lemma exp_sum_mult: "exp_sum (exp_terms_mult ts ts') x = exp_sum ts x * exp_sum ts' x"
proof (induction ts)
  case (Cons t ts)
  obtain a u where t: "t = (a, u)" by fastforce
  have "exp_sum (map (\<lambda>(b, v). (a * b, \<lambda>j s. u j s + v j s)) ts') x
        = a * exp (\<Sum>j\<in>UNIV. u j (x$j)) * exp_sum ts' x"
    unfolding exp_sum_def
    by (induction ts') (auto simp: sum.distrib exp_add algebra_simps)
  with Cons show ?case
    by (simp add: t exp_sum_def exp_terms_mult_def algebra_simps)
qed (simp add: exp_sum_def exp_terms_mult_def)

lemma continuous_on_exp_sum:
  assumes "continuous_terms ts"
  shows "continuous_on S (exp_sum ts)"
  using assms unfolding continuous_terms_def
proof (induction ts)
  case (Cons t ts)
  obtain a u where t: "t = (a, u)" by fastforce
  have "continuous_on S (\<lambda>x. u j (x$j))" for j
    using Cons.prems t
    by (auto intro: continuous_on_compose2[OF _ continuous_on_component[OF continuous_on_id]])
  then have "continuous_on S (\<lambda>x. a * exp (\<Sum>j\<in>UNIV. u j (x$j)))"
    by (intro continuous_intros) auto
  with Cons show ?case
    unfolding exp_sum_def by (simp add: t continuous_on_add)
qed (simp add: exp_sum_def)

lemma continuous_terms_mult:
  "continuous_terms ts \<Longrightarrow> continuous_terms ts' \<Longrightarrow> continuous_terms (exp_terms_mult ts ts')"
  by (fastforce simp: continuous_terms_def exp_terms_mult_def intro!: continuous_on_add)

lemma exp_sum_dense:
  fixes f :: "real^'d::finite \<Rightarrow> real"
  assumes "continuous_on (cbox 0 1) f" "e > 0"
  shows "\<exists>ts. continuous_terms ts \<and> (\<forall>x\<in>cbox 0 1. \<bar>f x - exp_sum ts x\<bar> < e)"
proof -
  let ?P = "\<lambda>\<phi>. \<exists>ts. continuous_terms ts \<and> \<phi> = exp_sum ts"
  have "\<exists>\<phi>. ?P \<phi> \<and> (\<forall>x\<in>cbox 0 1. \<bar>f x - \<phi> x\<bar> < e)"
  proof (rule Stone_Weierstrass_HOL)
    show "?P (\<lambda>x. c)" for c
      by (rule exI[of _ "[(c, \<lambda>j t. 0)]"]) (simp add: continuous_terms_def exp_sum_def fun_eq_iff)
    show "continuous_on (cbox 0 1) \<phi>" if "?P \<phi>" for \<phi>
      using that continuous_on_exp_sum by blast
    show "?P (\<lambda>x. \<phi> x + \<xi> x)" if H: "?P \<phi> \<and> ?P \<xi>" for \<phi> \<xi>
    proof -
      obtain ts ts' where "continuous_terms ts" "continuous_terms ts'" "\<phi> = exp_sum ts" "\<xi> = exp_sum ts'"
        using H by blast
      then show ?thesis
        by (intro exI[of _ "ts @ ts'"]) (auto simp: continuous_terms_def exp_sum_append)
    qed
    show "?P (\<lambda>x. \<phi> x * \<xi> x)" if H: "?P \<phi> \<and> ?P \<xi>" for \<phi> \<xi>
    proof -
      obtain ts ts' where "continuous_terms ts" "continuous_terms ts'" "\<phi> = exp_sum ts" "\<xi> = exp_sum ts'"
        using H by blast
      then show ?thesis
        by (intro exI[of _ "exp_terms_mult ts ts'"]) (simp add: continuous_terms_mult exp_sum_mult fun_eq_iff)
    qed
    show "\<exists>\<phi>. ?P \<phi> \<and> \<phi> x \<noteq> \<phi> y" if "x \<in> cbox 0 1 \<and> y \<in> cbox 0 1 \<and> x \<noteq> y" for x y
    proof -
      from that obtain i where "x$i \<noteq> y$i" by (auto simp: vec_eq_iff)
      let ?ts = "[(1, \<lambda>j t. if j = i then t else 0)]"
      have "exp_sum ?ts z = exp (z$i)" for z
        by (simp add: exp_sum_def)
      moreover have "continuous_on UNIV (\<lambda>t::real. if j = i then t else 0)" for j
        by (cases "j = i") simp_all
      then have "continuous_terms ?ts"
        by (simp add: continuous_terms_def)
      ultimately show ?thesis
        using \<open>x$i \<noteq> y$i\<close> by (intro exI[of _ "exp_sum ?ts"]) auto
    qed
    show "compact (cbox (0::real^'d) 1)" by simp
  qed (use assms in auto)
  then show ?thesis by blast
qed
(* Let $d\ge 1$, let $\gamma>0$ be real and let $\varepsilon>0$. There exists a positive integer $k$ (depending only on $d,\gamma,\varepsilon$, not on $n$ or $\lambda$) with the following property. For every $n$ and every partition $\lambda=(\lambda_1,\dots,\lambda_d)\vdash n$ with exactly $d$ parts satisfying $\lambda_j/n\ge\gamma$ for all $j=1,\dots,d$, there exist integers $1\le i\le d+1$ and $1\le q<k$ and a partition $\mu=(\mu_1,\dots,\mu_{d+1})$ of $n'=kn$ such that (1) $\mu_j=q\lambda_j$ for all $j\le i-1$; (2) $\mu_{j+1}=q\lambda_j$ for all $j$ with $i\le j\le d$ (and $\mu_i=(k-q)n$); (3) $|\Phi(\mu)-\Phi(\lambda)-1|<\varepsilon$.
   Context: For real numbers $x_1,\dots,x_k\ge 0$ with $x_1+\cdots+x_k=1$ define $\Phi(x_1,\dots,x_k)=\dfrac{1}{x_1^{x_1}\cdots x_k^{x_k}}$, with $0^0=1$. For a partition $\lambda=(\lambda_1,\dots,\lambda_k)\vdash n$ put $\Phi(\lambda)=\Phi(\lambda_1/n,\dots,\lambda_k/n)$ (zero parts may be appended without changing the value). *)

theory Defs
  imports Complex_Main
begin

text \<open>x^x with the convention 0^0 = 1 (note: 0 powr 0 = 0 in Isabelle).\<close>
definition selfpow :: "real \<Rightarrow> real" where
  "selfpow x = (if x = 0 then 1 else x powr x)"

definition Phi :: "nat \<Rightarrow> (nat \<Rightarrow> real) \<Rightarrow> real" where
  "Phi m x = 1 / (\<Prod>j\<in>{1..m}. selfpow (x j))"

definition Phi_part :: "nat \<Rightarrow> nat \<Rightarrow> (nat \<Rightarrow> nat) \<Rightarrow> real" where
  "Phi_part n m lam = Phi m (\<lambda>j. real (lam j) / real n)"

definition is_partition :: "nat \<Rightarrow> nat \<Rightarrow> (nat \<Rightarrow> nat) \<Rightarrow> bool" where
  "is_partition n m lam \<longleftrightarrow>
     (\<forall>j. 1 \<le> j \<and> j < m \<longrightarrow> lam (j+1) \<le> lam j) \<and> (\<Sum>j\<in>{1..m}. lam j) = n"

end

theory Submission
  imports Defs
begin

════════════════

To do —
The whole listing above is to be copied exactly.

Exercise result —
lemma exp_sum_mult: "exp_sum (exp_terms_mult ts ts') x = exp_sum ts x * exp_sum ts' x"
proof (induction ts)
  case (Cons t ts)
  obtain a u where t: "t = (a, u)" by fastforce
  have "exp_sum (map (\<lambda>(b, v). (a * b, \<lambda>j s. u j s + v j s)) ts') x
        = a * exp (\<Sum>j\<in>UNIV. u j (x$j)) * exp_sum ts' x"
    unfolding exp_sum_def
    by (induction ts') (auto simp: sum.distrib exp_add algebra_simps)
  with Cons show ?case
    by (simp add: t exp_sum_def exp_terms_mult_def algebra_simps)
qed (simp add: exp_sum_def exp_terms_mult_def)

lemma continuous_on_exp_sum:
  assumes "continuous_terms ts"
  shows "continuous_on S (exp_sum ts)"
  using assms unfolding continuous_terms_def
proof (induction ts)
  case (Cons t ts)
  obtain a u where t: "t = (a, u)" by fastforce
  have "continuous_on S (\<lambda>x. u j (x$j))" for j
    using Cons.prems t
    by (auto intro: continuous_on_compose2[OF _ continuous_on_component[OF continuous_on_id]])
  then have "continuous_on S (\<lambda>x. a * exp (\<Sum>j\<in>UNIV. u j (x$j)))"
    by (intro continuous_intros) auto
  with Cons show ?case
    unfolding exp_sum_def by (simp add: t continuous_on_add)
qed (simp add: exp_sum_def)

lemma continuous_terms_mult:
  "continuous_terms ts \<Longrightarrow> continuous_terms ts' \<Longrightarrow> continuous_terms (exp_terms_mult ts ts')"
  by (fastforce simp: continuous_terms_def exp_terms_mult_def intro!: continuous_on_add)

lemma exp_sum_dense:
  fixes f :: "real^'d::finite \<Rightarrow> real"
  assumes "continuous_on (cbox 0 1) f" "e > 0"
  shows "\<exists>ts. continuous_terms ts \<and> (\<forall>x\<in>cbox 0 1. \<bar>f x - exp_sum ts x\<bar> < e)"
proof -
  let ?P = "\<lambda>\<phi>. \<exists>ts. continuous_terms ts \<and> \<phi> = exp_sum ts"
  have "\<exists>\<phi>. ?P \<phi> \<and> (\<forall>x\<in>cbox 0 1. \<bar>f x - \<phi> x\<bar> < e)"
  proof (rule Stone_Weierstrass_HOL)
    show "?P (\<lambda>x. c)" for c
      by (rule exI[of _ "[(c, \<lambda>j t. 0)]"]) (simp add: continuous_terms_def exp_sum_def fun_eq_iff)
    show "continuous_on (cbox 0 1) \<phi>" if "?P \<phi>" for \<phi>
      using that continuous_on_exp_sum by blast
    show "?P (\<lambda>x. \<phi> x + \<xi> x)" if H: "?P \<phi> \<and> ?P \<xi>" for \<phi> \<xi>
    proof -
      obtain ts ts' where "continuous_terms ts" "continuous_terms ts'" "\<phi> = exp_sum ts" "\<xi> = exp_sum ts'"
        using H by blast
      then show ?thesis
        by (intro exI[of _ "ts @ ts'"]) (auto simp: continuous_terms_def exp_sum_append)
    qed
    show "?P (\<lambda>x. \<phi> x * \<xi> x)" if H: "?P \<phi> \<and> ?P \<xi>" for \<phi> \<xi>
    proof -
      obtain ts ts' where "continuous_terms ts" "continuous_terms ts'" "\<phi> = exp_sum ts" "\<xi> = exp_sum ts'"
        using H by blast
      then show ?thesis
        by (intro exI[of _ "exp_terms_mult ts ts'"]) (simp add: continuous_terms_mult exp_sum_mult fun_eq_iff)
    qed
    show "\<exists>\<phi>. ?P \<phi> \<and> \<phi> x \<noteq> \<phi> y" if "x \<in> cbox 0 1 \<and> y \<in> cbox 0 1 \<and> x \<noteq> y" for x y
    proof -
      from that obtain i where "x$i \<noteq> y$i" by (auto simp: vec_eq_iff)
      let ?ts = "[(1, \<lambda>j t. if j = i then t else 0)]"
      have "exp_sum ?ts z = exp (z$i)" for z
        by (simp add: exp_sum_def)
      moreover have "continuous_on UNIV (\<lambda>t::real. if j = i then t else 0)" for j
        by (cases "j = i") simp_all
      then have "continuous_terms ?ts"
        by (simp add: continuous_terms_def)
      ultimately show ?thesis
        using \<open>x$i \<noteq> y$i\<close> by (intro exI[of _ "exp_sum ?ts"]) auto
    qed
    show "compact (cbox (0::real^'d) 1)" by simp
  qed (use assms in auto)
  then show ?thesis by blast
qed
(* Let $d\ge 1$, let $\gamma>0$ be real and let $\varepsilon>0$. There exists a positive integer $k$ (depending only on $d,\gamma,\varepsilon$, not on $n$ or $\lambda$) with the following property. For every $n$ and every partition $\lambda=(\lambda_1,\dots,\lambda_d)\vdash n$ with exactly $d$ parts satisfying $\lambda_j/n\ge\gamma$ for all $j=1,\dots,d$, there exist integers $1\le i\le d+1$ and $1\le q<k$ and a partition $\mu=(\mu_1,\dots,\mu_{d+1})$ of $n'=kn$ such that (1) $\mu_j=q\lambda_j$ for all $j\le i-1$; (2) $\mu_{j+1}=q\lambda_j$ for all $j$ with $i\le j\le d$ (and $\mu_i=(k-q)n$); (3) $|\Phi(\mu)-\Phi(\lambda)-1|<\varepsilon$.
   Context: For real numbers $x_1,\dots,x_k\ge 0$ with $x_1+\cdots+x_k=1$ define $\Phi(x_1,\dots,x_k)=\dfrac{1}{x_1^{x_1}\cdots x_k^{x_k}}$, with $0^0=1$. For a partition $\lambda=(\lambda_1,\dots,\lambda_k)\vdash n$ put $\Phi(\lambda)=\Phi(\lambda_1/n,\dots,\lambda_k/n)$ (zero parts may be appended without changing the value). *)

theory Defs
  imports Complex_Main
begin

text \<open>x^x with the convention 0^0 = 1 (note: 0 powr 0 = 0 in Isabelle).\<close>
definition selfpow :: "real \<Rightarrow> real" where
  "selfpow x = (if x = 0 then 1 else x powr x)"

definition Phi :: "nat \<Rightarrow> (nat \<Rightarrow> real) \<Rightarrow> real" where
  "Phi m x = 1 / (\<Prod>j\<in>{1..m}. selfpow (x j))"

definition Phi_part :: "nat \<Rightarrow> nat \<Rightarrow> (nat \<Rightarrow> nat) \<Rightarrow> real" where
  "Phi_part n m lam = Phi m (\<lambda>j. real (lam j) / real n)"

definition is_partition :: "nat \<Rightarrow> nat \<Rightarrow> (nat \<Rightarrow> nat) \<Rightarrow> bool" where
  "is_partition n m lam \<longleftrightarrow>
     (\<forall>j. 1 \<le> j \<and> j < m \<longrightarrow> lam (j+1) \<le> lam j) \<and> (\<Sum>j\<in>{1..m}. lam j) = n"

end

theory Submission
  imports Defs
begin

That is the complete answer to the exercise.